## Task to carry out
Write out, without any change, the lines in the material below that run from the line with "carrier Q \<Longrightarrow>" through the line with "(simp add: finitely_presented_def)", both included.

## Data for the task
—————
(* Let $G$ and $N$ be finitely presented groups, $Q$ a finite group, and $H$ an $N$ by $Q$ extension with transversal map $s:Q\to H$. The following are equivalent: (1) there is a surjective homomorphism $G\to H$; (2) there are homomorphisms $\tau:G\to Q$ and $\kappa:G\to H$ such that (a) $\tau$ is surjective, (b) for all $g\in G$, if $\kappa(g)=n\,s(q)$ with $n\in N$, $q\in Q$, then $q=\tau(g)$, and (c) for every $n\in N$ there exists $g\in\ker(\tau)$ with $\kappa(g)=n\,s(1_Q)$.
   Context: $H$ is an $N$ by $Q$ extension if $N$ is a normal subgroup of $H$ with $H/N\cong Q$; write $\pi_Q:H\to Q$ for the resulting epimorphism. A transversal map is a map $s:Q\to H$ with $\pi_Q(s(q))=q$ for all $q$ (so its image meets each coset of $N$ exactly once), chosen with $s(1_Q)=1_H$; every element of $H$ is uniquely $n\,s(q)$ with $n\in N$, $q\in Q$. *)

theory Defs
  imports "HOL-Algebra.Algebra"
begin

text \<open>Words over a generating set: a letter (x, True) stands for x, (x, False) for its inverse.\<close>

fun word_eval :: "('a, 'b) monoid_scheme \<Rightarrow> ('a \<times> bool) list \<Rightarrow> 'a" where
  "word_eval G [] = \<one>\<^bsub>G\<^esub>"
| "word_eval G ((x, b) # w) =
     (if b then x else inv\<^bsub>G\<^esub> x) \<otimes>\<^bsub>G\<^esub> word_eval G w"

text \<open>The congruence on words generated by free cancellation and by the relators R;
  \<open>pres_eq R u v\<close> means u and v represent the same element of the group with
  presentation by generators and relators R.\<close>

inductive pres_eq :: "('a \<times> bool) list set \<Rightarrow> ('a \<times> bool) list \<Rightarrow> ('a \<times> bool) list \<Rightarrow> bool"
  for R where
  pres_refl: "pres_eq R w w"
| pres_sym: "pres_eq R u v \<Longrightarrow> pres_eq R v u"
| pres_trans: "pres_eq R u v \<Longrightarrow> pres_eq R v w \<Longrightarrow> pres_eq R u w"
| pres_cancel: "pres_eq R (u @ [(x, b), (x, \<not> b)] @ v) (u @ v)"
| pres_rel: "r \<in> R \<Longrightarrow> pres_eq R (u @ r @ v) (u @ v)"

text \<open>G is finitely presented: there is a finite generating set X of G and a finite
  set R of relator words over X such that a word over X is trivial in G exactly when
  it is trivial in the presented group \<open>\<langle>X | R\<rangle>\<close>, i.e. G is isomorphic to \<open>\<langle>X | R\<rangle>\<close>.\<close>

definition finitely_presented :: "('a, 'b) monoid_scheme \<Rightarrow> bool" where
  "finitely_presented G \<longleftrightarrow> group G \<and>
     (\<exists>Gens Rels. finite Gens \<and> Gens \<subseteq> carrier G \<and> generate G Gens = carrier G \<and>
            finite Rels \<and> (\<forall>r\<in>Rels. fst ` set r \<subseteq> Gens) \<and>
            (\<forall>w. fst ` set w \<subseteq> Gens \<longrightarrow> (word_eval G w = \<one>\<^bsub>G\<^esub> \<longleftrightarrow> pres_eq Rels w [])))"

end

theory Submission
  imports Defs
begin

text \<open>Condition (b) says exactly that \<open>\<tau> = \<pi> \<circ> \<kappa>\<close>, since every element of H lies in the coset
  \<open>N s(q)\<close> with \<open>q\<close> its image in Q. Condition (c) then says that \<open>\<kappa>(G)\<close> contains N, and
  (a) that \<open>\<kappa>(G)\<close> maps onto Q. A subgroup of H containing the kernel N of \<open>\<pi>\<close> and mapping onto
  \<open>\<pi>(H)\<close> is all of H, so \<open>\<kappa>\<close> is surjective. Conversely a surjection \<open>f\<close> gives
  \<open>\<kappa> = f\<close>, \<open>\<tau> = \<pi> \<circ> f\<close>.\<close>

lemma (in group_hom) subgroup_eq_carrier_if_kernel_subset:
  assumes K: "subgroup K G" and img: "h ` K = h ` carrier G" and ker: "kernel G H h \<subseteq> K"
  shows "K = carrier G"
proof
  show "K \<subseteq> carrier G" using K by (rule subgroup.subset)
  show "carrier G \<subseteq> K"
  proof
    fix x assume x: "x \<in> carrier G"
    then obtain k where k: "k \<in> K" "h k = h x" using img by (metis imageE imageI)
    have kG: "k \<in> carrier G" using K k(1) by (rule subgroup.mem_carrier)
    have "x \<otimes> inv k \<in> kernel G H h" using x kG k(2) by (simp add: kernel_def)
    then have "x \<otimes> inv k \<otimes> k \<in> K" using ker k(1) K by (blast intro: subgroup.m_closed)
    then show "x \<in> K" using x kG by (simp add: G.m_assoc)
  qed
qed

lemma (in group_hom) transversal_coset_condition_iff:
  assumes s_closed: "s \<in> carrier H \<rightarrow> carrier G"
    and s_section: "\<And>q. q \<in> carrier H \<Longrightarrow> h (s q) = q"
    and \<kappa>_closed: "\<kappa> \<in> A \<rightarrow> carrier G"
  shows "(\<forall>g \<in> A. \<forall>n \<in> kernel G H h. \<forall>q \<in> carrier H. \<kappa> g = n \<otimes> s q \<longrightarrow> q = \<tau> g)
     \<longleftrightarrow> (\<forall>g \<in> A. \<tau> g = h (\<kappa> g))"
proof
  assume coset: "\<forall>g \<in> A. \<forall>n \<in> kernel G H h. \<forall>q \<in> carrier H. \<kappa> g = n \<otimes> s q \<longrightarrow> q = \<tau> g"
  show "\<forall>g \<in> A. \<tau> g = h (\<kappa> g)"
  proof
    fix g assume g: "g \<in> A"
    define q where "q = h (\<kappa> g)"
    have \<kappa>g: "\<kappa> g \<in> carrier G" using g \<kappa>_closed by blast
    have q: "q \<in> carrier H" using \<kappa>g by (simp add: q_def)
    have sq: "s q \<in> carrier G" using q s_closed by blast
    have "\<kappa> g \<otimes> inv s q \<in> kernel G H h"
      using \<kappa>g sq s_section[OF q] by (simp add: kernel_def q_def)
    moreover have "\<kappa> g = \<kappa> g \<otimes> inv s q \<otimes> s q" using \<kappa>g sq by (simp add: G.m_assoc)
    ultimately show "\<tau> g = h (\<kappa> g)" using coset g q by (auto simp: q_def)
  qed
next
  assume "\<forall>g \<in> A. \<tau> g = h (\<kappa> g)"
  then show "\<forall>g \<in> A. \<forall>n \<in> kernel G H h. \<forall>q \<in> carrier H. \<kappa> g = n \<otimes> s q \<longrightarrow> q = \<tau> g"
    using s_closed s_section by (auto simp: kernel_def Pi_iff)
qed

theorem lemma2p5:
  fixes G :: "('a, 'm) monoid_scheme" and H :: "('b, 'n) monoid_scheme"
    and Q :: "('c, 'o) monoid_scheme"
    and N :: "'b set" and \<pi> :: "'b \<Rightarrow> 'c" and s :: "'c \<Rightarrow> 'b"
  assumes G_fp: "finitely_presented G"
    and H_grp: "group H" and Q_grp: "group Q" and Q_fin: "finite (carrier Q)"
    and N_normal: "N \<lhd> H"
    and N_fp: "finitely_presented (H\<lparr>carrier := N\<rparr>)"
    and \<pi>_hom: "\<pi> \<in> hom H Q" and \<pi>_surj: "\<pi> ` carrier H = carrier Q"
    and \<pi>_ker: "kernel H Q \<pi> = N"
    and s_map: "s \<in> carrier Q \<rightarrow> carrier H"
    and s_sec: "\<And>q. q \<in> carrier Q \<Longrightarrow> \<pi> (s q) = q"
    and s_one: "s \<one>\<^bsub>Q\<^esub> = \<one>\<^bsub>H\<^esub>"
  shows "(\<exists>f \<in> hom G H. f ` carrier G = carrier H) \<longleftrightarrow>
         (\<exists>\<tau> \<in> hom G Q. \<exists>\<kappa> \<in> hom G H.
            \<tau> ` carrier G = carrier Q \<and>
            (\<forall>g \<in> carrier G. \<forall>n \<in> N. \<forall>q \<in> carrier Q.
                \<kappa> g = n \<otimes>\<^bsub>H\<^esub> s q \<longrightarrow> q = \<tau> g) \<and>
            (\<forall>n \<in> N. \<exists>g \<in> kernel G Q \<tau>. \<kappa> g = n \<otimes>\<^bsub>H\<^esub> s \<one>\<^bsub>Q\<^esub>))"
proof -
  have G_grp: "group G" using G_fp by (simp add: finitely_presented_def)
  interpret \<pi>: group_hom H Q \<pi> using H_grp Q_grp \<pi>_hom by (simp add: group_hom_def group_hom_axioms_def)
  have coset_iff: "(\<forall>g \<in> carrier G. \<forall>n \<in> N. \<forall>q \<in> carrier Q. \<kappa> g = n \<otimes>\<^bsub>H\<^esub> s q \<longrightarrow> q = \<tau> g)
      \<longleftrightarrow> (\<forall>g \<in> carrier G. \<tau> g = \<pi> (\<kappa> g))" if "\<kappa> \<in> hom G H" for \<tau> \<kappa>
  proof -
    have "\<kappa> \<in> carrier G \<rightarrow> carrier H" using that by (simp add: hom_def)
    then show ?thesis
      using \<pi>.transversal_coset_condition_iff[where s = s and A = "carrier G"] s_map s_sec \<pi>_ker
      by simp
  qed
  show ?thesis (is "?surj \<longleftrightarrow> ?pair")
  proof (intro iffI; elim bexE conjE)
    fix f assume f: "f \<in> hom G H" and f_surj: "f ` carrier G = carrier H"
    have "\<forall>g \<in> carrier G. \<forall>n \<in> N. \<forall>q \<in> carrier Q. f g = n \<otimes>\<^bsub>H\<^esub> s q \<longrightarrow> q = (\<pi> \<circ> f) g"
      unfolding coset_iff[OF f] by simp
    moreover have "\<forall>n \<in> N. \<exists>g \<in> kernel G Q (\<pi> \<circ> f). f g = n \<otimes>\<^bsub>H\<^esub> s \<one>\<^bsub>Q\<^esub>"
      using f_surj \<pi>_ker[symmetric] s_one by (force simp: kernel_def)
    moreover have "(\<pi> \<circ> f) ` carrier G = carrier Q" using f_surj \<pi>_surj by (metis image_comp)
    ultimately show ?pair
      using f hom_compose[OF f \<pi>_hom] by blast
  next
    fix \<tau> \<kappa> assume \<tau>: "\<tau> \<in> hom G Q" and \<kappa>: "\<kappa> \<in> hom G H"
      and \<tau>_surj: "\<tau> ` carrier G = carrier Q"
      and coset: "\<forall>g \<in> carrier G. \<forall>n \<in> N. \<forall>q \<in> carrier Q. \<kappa> g = n \<otimes>\<^bsub>H\<^esub> s q \<longrightarrow> q = \<tau> g"
      and kernel_lift: "\<forall>n \<in> N. \<exists>g \<in> kernel G Q \<tau>. \<kappa> g = n \<otimes>\<^bsub>H\<^esub> s \<one>\<^bsub>Q\<^esub>"
    interpret \<kappa>: group_hom G H \<kappa> using G_grp H_grp \<kappa> by (simp add: group_hom_def group_hom_axioms_def)
    have "\<pi> ` \<kappa> ` carrier G = \<tau> ` carrier G"
      using coset coset_iff[OF \<kappa>] by (simp add: image_image)
    moreover have "N \<subseteq> \<kappa> ` carrier G"
      using kernel_lift \<pi>_ker s_one by (force simp: kernel_def)
    ultimately have "\<kappa> ` carrier G = carrier H"
      using \<pi>.subgroup_eq_carrier_if_kernel_subset[OF \<kappa>.img_is_subgroup] \<tau>_surj \<pi>_surj \<pi>_ker by simp
    then show ?surj using \<kappa> by blast
  qed
qed

end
—————
## Worked solution
    and s_sec: "\<And>q. q \<in> carrier Q \<Longrightarrow> \<pi> (s q) = q"
    and s_one: "s \<one>\<^bsub>Q\<^esub> = \<one>\<^bsub>H\<^esub>"
  shows "(\<exists>f \<in> hom G H. f ` carrier G = carrier H) \<longleftrightarrow>
         (\<exists>\<tau> \<in> hom G Q. \<exists>\<kappa> \<in> hom G H.
            \<tau> ` carrier G = carrier Q \<and>
            (\<forall>g \<in> carrier G. \<forall>n \<in> N. \<forall>q \<in> carrier Q.
                \<kappa> g = n \<otimes>\<^bsub>H\<^esub> s q \<longrightarrow> q = \<tau> g) \<and>
            (\<forall>n \<in> N. \<exists>g \<in> kernel G Q \<tau>. \<kappa> g = n \<otimes>\<^bsub>H\<^esub> s \<one>\<^bsub>Q\<^esub>))"
proof -
  have G_grp: "group G" using G_fp by (simp add: finitely_presented_def)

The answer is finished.